Related topics: [HunyuanVideo Overview and System Architecture](#page-1), [Inference Workflows and Deployment Modes](#page-2)

<details>
<summary>Related Source Files</summary>

The following source files were used to generate this page:

- [LICENSE.txt](https://github.com/Tencent-Hunyuan/HunyuanVideo/blob/main/LICENSE.txt)
- [README.md](https://github.com/Tencent-Hunyuan/HunyuanVideo/blob/main/README.md)
- [ckpts/README.md](https://github.com/Tencent-Hunyuan/HunyuanVideo/blob/main/ckpts/README.md)
- [hyvideo/constants.py](https://github.com/Tencent-Hunyuan/HunyuanVideo/blob/main/hyvideo/constants.py)
- [hyvideo/modules/models.py](https://github.com/Tencent-Hunyuan/HunyuanVideo/blob/main/hyvideo/modules/models.py)
- [hyvideo/diffusion/pipelines/pipeline_hunyuan_video.py](https://github.com/Tencent-Hunyuan/HunyuanVideo/blob/main/hyvideo/diffusion/pipelines/pipeline_hunyuan_video.py)
- [hyvideo/diffusion/schedulers/scheduling_flow_match_discrete.py](https://github.com/Tencent-Hunyuan/HunyuanVideo/blob/main/hyvideo/diffusion/schedulers/scheduling_flow_match_discrete.py)
- [hyvideo/text_encoder/__init__.py](https://github.com/Tencent-Hunyuan/HunyuanVideo/blob/main/hyvideo/text_encoder/__init__.py)
- [hyvideo/vae/autoencoder_kl_causal_3d.py](https://github.com/Tencent-Hunyuan/HunyuanVideo/blob/main/hyvideo/vae/autoencoder_kl_causal_3d.py)
- [hyvideo/vae/unet_causal_3d_blocks.py](https://github.com/Tencent-Hunyuan/HunyuanVideo/blob/main/hyvideo/vae/unet_causal_3d_blocks.py)
</details>

# Community Roadmap, Troubleshooting, and Known Issues

This page consolidates information that is most relevant to users interacting with the public HunyuanVideo repository: the scope of what the open-source release currently supports, the recurring requests and reported issues observed in community discussions, the constraints imposed by the project's license, and the most common failure modes encountered during installation and inference. It is intended as an orientation guide for new users and a triage reference for contributors triaging issues.

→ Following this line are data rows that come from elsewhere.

lemma sum_list_take_mono: "a \<le> b \<Longrightarrow> sum_list (take a xs) \<le> sum_list (take b (xs :: nat list))"
proof -
  assume "a \<le> b"
  then obtain c where "b = a + c" using le_Suc_ex by blast
  thus ?thesis by (simp add: take_add)
qed

lemma ple_plt: "1 \<le> r \<Longrightarrow> r \<le> length p \<Longrightarrow> ple p r = plt p r + part_size p r"
  unfolding ple_def plt_def part_size_def using take_Suc_conv_app_nth[of "r - 1" p] by simp

lemma plt_Suc: "plt p (Suc r) = ple p r"
  by (simp add: plt_def ple_def)

lemma ple_le_plt: "r < r' \<Longrightarrow> ple p r \<le> plt p r'"
  unfolding ple_def plt_def by (rule sum_list_take_mono) simp

lemma ple_le: "partition_of p n \<Longrightarrow> ple p r \<le> n"
  using sum_list_take_mono[of r "length p" p] unfolding partition_of_def ple_def
  by (cases "r \<le> length p") auto

lemma ple_length: "partition_of p n \<Longrightarrow> ple p (length p) = n"
  unfolding partition_of_def ple_def by simp

lemma sum_part_size: "r \<le> length p \<Longrightarrow> (\<Sum>t\<in>{1..r}. part_size p t) = ple p r"
proof (induction r)
  case 0 thus ?case by (simp add: ple_def)
next
  case (Suc r)
  thus ?case using ple_plt[of "Suc r" p] by (simp add: plt_Suc)
qed

lemma card_parts: "r \<le> length p \<Longrightarrow> card (SIGMA t:{1..r}. {..<part_size p t}) = ple p r"
  using sum_part_size by (simp add: card_SigmaI)

lemma card_double_parts: "r \<le> length p \<Longrightarrow> card (SIGMA t:{1..r}. {..<2 * part_size p t}) = 2 * ple p r"
  using sum_part_size by (simp add: card_SigmaI sum_distrib_left[symmetric])
definition col_space :: "complex^'n::finite^'m::finite \<Rightarrow> (complex^'m) set" where
  "col_space A = range (\<lambda>x. A *v x)"

definition null_space :: "complex^'n::finite^'m::finite \<Rightarrow> (complex^'n) set" where
  "null_space A = {x. A *v x = 0}"

end

theory Submission
  imports Defs
begin

(*
  At a point w, write A = phi w and B = psi w. The Nevanlinna condition says that (A; B) is
  injective and Im <Ax, Bx> <= 0, so |Ax - iBx| <= |Ax + iBx|. Hence A + iB is invertible and the
  Cayley transform K = (A - iB)(A + iB)^-1 is a contraction whose fixed vectors are exactly
  A N(B). If K u = u at one point of a connected domain, the holomorphic function <u, K(z) u> has
  maximal modulus |u|^2 there, so it is constant, whence |K(z) u - u|^2 = |K(z) u|^2 - |u|^2 <= 0.
  Thus phi N(psi), and likewise psi N(phi) (apply this to (psi, -phi)), are constant off the
  discrete set. The column spaces follow, since R(A) is the orthogonal complement of B N(A).
*)

no_notation fps_nth (infixl \<open>$\<close> 75)

definition cinner :: "complex^'n::finite \<Rightarrow> complex^'n \<Rightarrow> complex" where
  "cinner a b = (\<Sum>i\<in>UNIV. cnj (a $ i) * b $ i)"

lemma cinner_add_right: "cinner c (a + b) = cinner c a + cinner c b"
  and cinner_scale_left: "cinner (k *s a) c = cnj k * cinner a c"
  and cinner_scale_right: "cinner c (k *s a) = k * cinner c a"
  and cinner_minus_right: "cinner c (- a) = - cinner c a"
  by (simp_all add: cinner_def sum.distrib sum_distrib_left sum_negf ring_distribs
      mult.assoc mult.left_commute)

lemma cinner_commute: "cinner b a = cnj (cinner a b)"
  by (simp add: cinner_def mult.commute)

lemma Re_cinner: "Re (cinner a b) = inner a b"
  by (simp add: cinner_def inner_vec_def inner_complex_def Re_sum)

lemma cinner_self: "cinner a a = of_real ((norm a)\<^sup>2)"
proof -
  have "Im (cinner a a) = 0"
    by (simp add: cinner_def Im_sum)
  then show ?thesis
    by (simp add: complex_eq_iff Re_cinner power2_norm_eq_inner)
qed

lemma norm_cinner_le: "cmod (cinner u v) \<le> norm u * norm v"
proof -
  have "cmod (cinner u v) \<le> (\<Sum>i\<in>UNIV. \<bar>cmod (u $ i)\<bar> * \<bar>cmod (v $ i)\<bar>)"
    unfolding cinner_def by (rule order_trans[OF norm_sum]) (simp add: norm_mult)
  also have "\<dots> \<le> norm u * norm v"
    unfolding norm_vec_def by (rule L2_set_mult_ineq)
  finally show ?thesis .
qed

lemma cinner_matrix_vector_mult:
  fixes S :: "complex^'n::finite^'m::finite"
  shows "cinner v (adjoint_mat S *v y) = cinner (S *v v) y"
  by (simp add: cinner_def adjoint_mat_def matrix_vector_mult_def sum_distrib_left
      sum_distrib_right sum.swap[of _ "UNIV::'m set"] mult_ac)

lemma norm_diff_i_scale_le:
  assumes "Im (cinner a b) \<le> 0"
  shows "norm (a - \<i> *s b) \<le> norm (a + \<i> *s b)"
proof -
  have "inner a (\<i> *s b) = - Im (cinner a b)"
    by (simp add: Re_cinner[symmetric] cinner_scale_right)
  then have "(norm (a + \<i> *s b))\<^sup>2 - (norm (a - \<i> *s b))\<^sup>2 = - 4 * Im (cinner a b)"
    using dot_norm[of a "\<i> *s b"] dot_norm_neg[of a "\<i> *s b"] by argo
  then have "(norm (a - \<i> *s b))\<^sup>2 \<le> (norm (a + \<i> *s b))\<^sup>2"
    using assms by argo
  then show ?thesis
    by (rule power2_le_imp_le) simp
qed

lemma vec_maximum_modulus_principle:
  fixes w :: "complex \<Rightarrow> complex^'n::finite"
  assumes S: "open S" "connected S"
    and hol: "\<And>k. (\<lambda>z. w z $ k) holomorphic_on S"
    and le: "\<And>z. z \<in> S \<Longrightarrow> norm (w z) \<le> norm u"
    and z0: "z0 \<in> S" "w z0 = u" and "z \<in> S"
  shows "w z = u"
proof -
  define g where "g z = cinner u (w z)" for z
  have "g holomorphic_on S"
    unfolding g_def cinner_def by (intro holomorphic_intros hol)
  moreover have "norm (g z') \<le> norm (g z0)" if "z' \<in> S" for z'
  proof -
    have "norm (g z') \<le> norm u * norm (w z')"
      unfolding g_def by (rule norm_cinner_le)
    also have "\<dots> \<le> norm u * norm u"
      using le[OF that] by (simp add: mult_left_mono)
    finally show ?thesis
      using z0 by (simp add: g_def cinner_self norm_mult power2_eq_square)
  qed
  ultimately have "g constant_on S"
    using maximum_modulus_principle[OF _ S S(1) order_refl z0(1)] by blast
  then have uw: "cinner u (w z) = cinner u u"
    using z0 \<open>z \<in> S\<close> by (auto simp: constant_on_def g_def)
  then have "cinner (w z) u = cinner u u"
    by (subst cinner_commute) (simp add: cinner_self)
  then have "inner (w z) u = (norm u)\<^sup>2"
    by (simp add: Re_cinner[symmetric] cinner_self)
  then have "(norm (w z - u))\<^sup>2 = (norm (w z))\<^sup>2 - (norm u)\<^sup>2"
    using dot_norm_neg[of "w z" u] by argo
  also have "\<dots> \<le> 0"
    using le[OF \<open>z \<in> S\<close>] by (simp add: power_mono)
  finally show ?thesis by simp
qed

lemma mat_vector_mult: "mat c *v x = c *s (x :: 'a::semiring_1^'n)"
  by (simp add: vec_eq_iff matrix_vector_mult_def mat_def if_distrib if_distribR cong del: if_weak_cong)

lemma matrix_vector_mult_neg: "(- A :: 'a::ring_1^'n^'m) *v x = - (A *v x)"
  by (simp add: vec_eq_iff matrix_vector_mult_def sum_negf)

lemma matrix_vector_mult_scale: "(A :: 'a::comm_semiring_1^'n^'m) *v (c *s x) = c *s (A *v x)"
  by (simp add: vec_eq_iff matrix_vector_mult_def sum_distrib_left mult_ac)

lemma matrix_vector_mult_add_mat_mult: "(A + mat c ** B) *v x = A *v x + c *s (B *v x)"
  by (simp add: matrix_vector_mult_add_rdistrib matrix_vector_mul_assoc[symmetric] mat_vector_mult)

lemma inj_matrix_vector_mult_if_full_rank:
  fixes A :: "complex^'n::finite^'m::finite"
  assumes "rank A = CARD('n)"
  shows "inj ((*v) A)"
proof -
  have "vec.span (rows A) = UNIV"
    using assms vec.dim_eq_full[of "rows A"] unfolding row_rank_def_gen
    by (simp add: vec_dim_card vec.dimension_def card_cart_basis)
  then show ?thesis
    using matrix_left_invertible_span_rows_gen matrix_left_invertible_injective by blast
qed

lemma holomorphic_solution_of_linear_system:
  fixes M :: "complex \<Rightarrow> complex^'n::finite^'n"
  assumes hol: "mat_holomorphic_on M S" and det: "\<And>z. z \<in> S \<Longrightarrow> det (M z) \<noteq> 0"
  obtains x where "\<And>k. (\<lambda>z. x z $ k) holomorphic_on S" "\<And>z. z \<in> S \<Longrightarrow> M z *v x z = b"
proof
  let ?x = "\<lambda>z. \<chi> k. det (\<chi> i j. if j = k then b $ i else M z $ i $ j) / det (M z)"
  have hol_ij: "(\<lambda>z. M z $ i $ j) holomorphic_on S" for i j
    using hol by (simp add: mat_holomorphic_on_def)
  have "(\<lambda>z. if j = k then b $ i else M z $ i $ j) holomorphic_on S" for i j k
    by (cases "j = k") (simp_all add: hol_ij)
  then have "(\<lambda>z. det (\<chi> i j. if j = k then b $ i else M z $ i $ j)) holomorphic_on S" for k
    unfolding det_def by (intro holomorphic_intros) simp
  moreover have "(\<lambda>z. det (M z)) holomorphic_on S"
    unfolding det_def by (intro holomorphic_intros hol_ij)
  ultimately show "(\<lambda>z. ?x z $ k) holomorphic_on S" for k
    by (simp add: holomorphic_on_divide det)
  show "M z *v ?x z = b" if "z \<in> S" for z
    using cramer[OF det[OF that]] by blast
qed

lemma add_i_scale_eq_diff_i_scale:
  fixes a b c :: "complex^'n"
  assumes "a + \<i> *s b = c" "a - \<i> *s b = c"
  shows "a = c" "b = 0"
proof -
  have "a $ k = c $ k \<and> b $ k = 0" for k
  proof -
    have "a $ k + \<i> * b $ k = c $ k" "a $ k - \<i> * b $ k = c $ k"
      using assms by (metis vector_add_component vector_minus_component vector_smult_component)+
    then show ?thesis
      by (auto simp: complex_eq_iff)
  qed
  then show "a = c" "b = 0"
    by (simp_all add: vec_eq_iff)
qed

lemma inj_matrix_vector_mult_iff_det_nonzero:
  fixes A :: "'a::field^'n^'n"
  shows "inj ((*v) A) \<longleftrightarrow> det A \<noteq> 0"
  using det_nz_iff_inj_gen[OF matrix_vector_mul_linear_gen[of A]] by simp

text \<open>The pointwise content of a Nevanlinna pair: the stacked matrix (A; B) has trivial kernel,
  and the form of its (-J)-Gram matrix, \<open>i<Ax,Bx> - i<Bx,Ax> = -2 Im <Ax,Bx>\<close>, is nonnegative.\<close>

definition nevanlinna_matrix_pair :: "complex^'q::finite^'q \<Rightarrow> complex^'q^'q \<Rightarrow> bool" where
  "nevanlinna_matrix_pair A B \<longleftrightarrow>
     (\<forall>x. A *v x = 0 \<and> B *v x = 0 \<longrightarrow> x = 0) \<and> (\<forall>x. Im (cinner (A *v x) (B *v x)) \<le> 0)"

lemma nevanlinna_matrix_pair_joint_kernel:
  "nevanlinna_matrix_pair A B \<Longrightarrow> A *v x = 0 \<Longrightarrow> B *v x = 0 \<Longrightarrow> x = 0"
  unfolding nevanlinna_matrix_pair_def by blast

lemma nevanlinna_matrix_pair_Im_le:
  "nevanlinna_matrix_pair A B \<Longrightarrow> Im (cinner (A *v x) (B *v x)) \<le> 0"
  unfolding nevanlinna_matrix_pair_def by blast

## Repository Scope and What the Codebase Supports

HunyuanVideo is shipped as a text-to-video (T2V) diffusion system built around a multimodal DiT backbone and a causal 3D VAE. The `HunyuanVideo` class defined in [`hyvideo/modules/models.py`](https://github.com/Tencent-Hunyuan/HunyuanVideo/blob/main/hyvideo/modules/models.py) exposes configuration flags such as `mm_double_blocks_depth`, `mm_single_blocks_depth`, `heads_num`, `hidden_size`, `rope_dim_list`, and `text_projection` — these are the architectural knobs available to users who build on the released code. The DiT combines `MMDoubleStreamBlock` (separate text and video modulation, as in SD3/Flux) and `MMSingleStreamBlock` (parallel linear layers à la DiT).

The pipeline assembly, denoising loop, and CFG handling live in [`hyvideo/diffusion/pipelines/pipeline_hunyuan_video.py`](https://github.com/Tencent-Hunyuan/HunyuanVideo/blob/main/hyvideo/diffusion/pipelines/pipeline_hunyuan_video.py), which subclasses `DiffusionPipeline` and integrates `AutoencoderKL` together with the `FlowMatchDiscreteScheduler` defined in [`hyvideo/diffusion/schedulers/scheduling_flow_match_discrete.py`](https://github.com/Tencent-Hunyuan/HunyuanVideo/blob/main/hyvideo/diffusion/schedulers/scheduling_flow_match_discrete.py). The scheduler's `step` method performs an Euler update (`prev_sample = sample + model_output.to(torch.float32) * dt`), which is the only solver currently implemented — the `else` branch raises `ValueError(f"Solver {self.config.solver} not supported.")`.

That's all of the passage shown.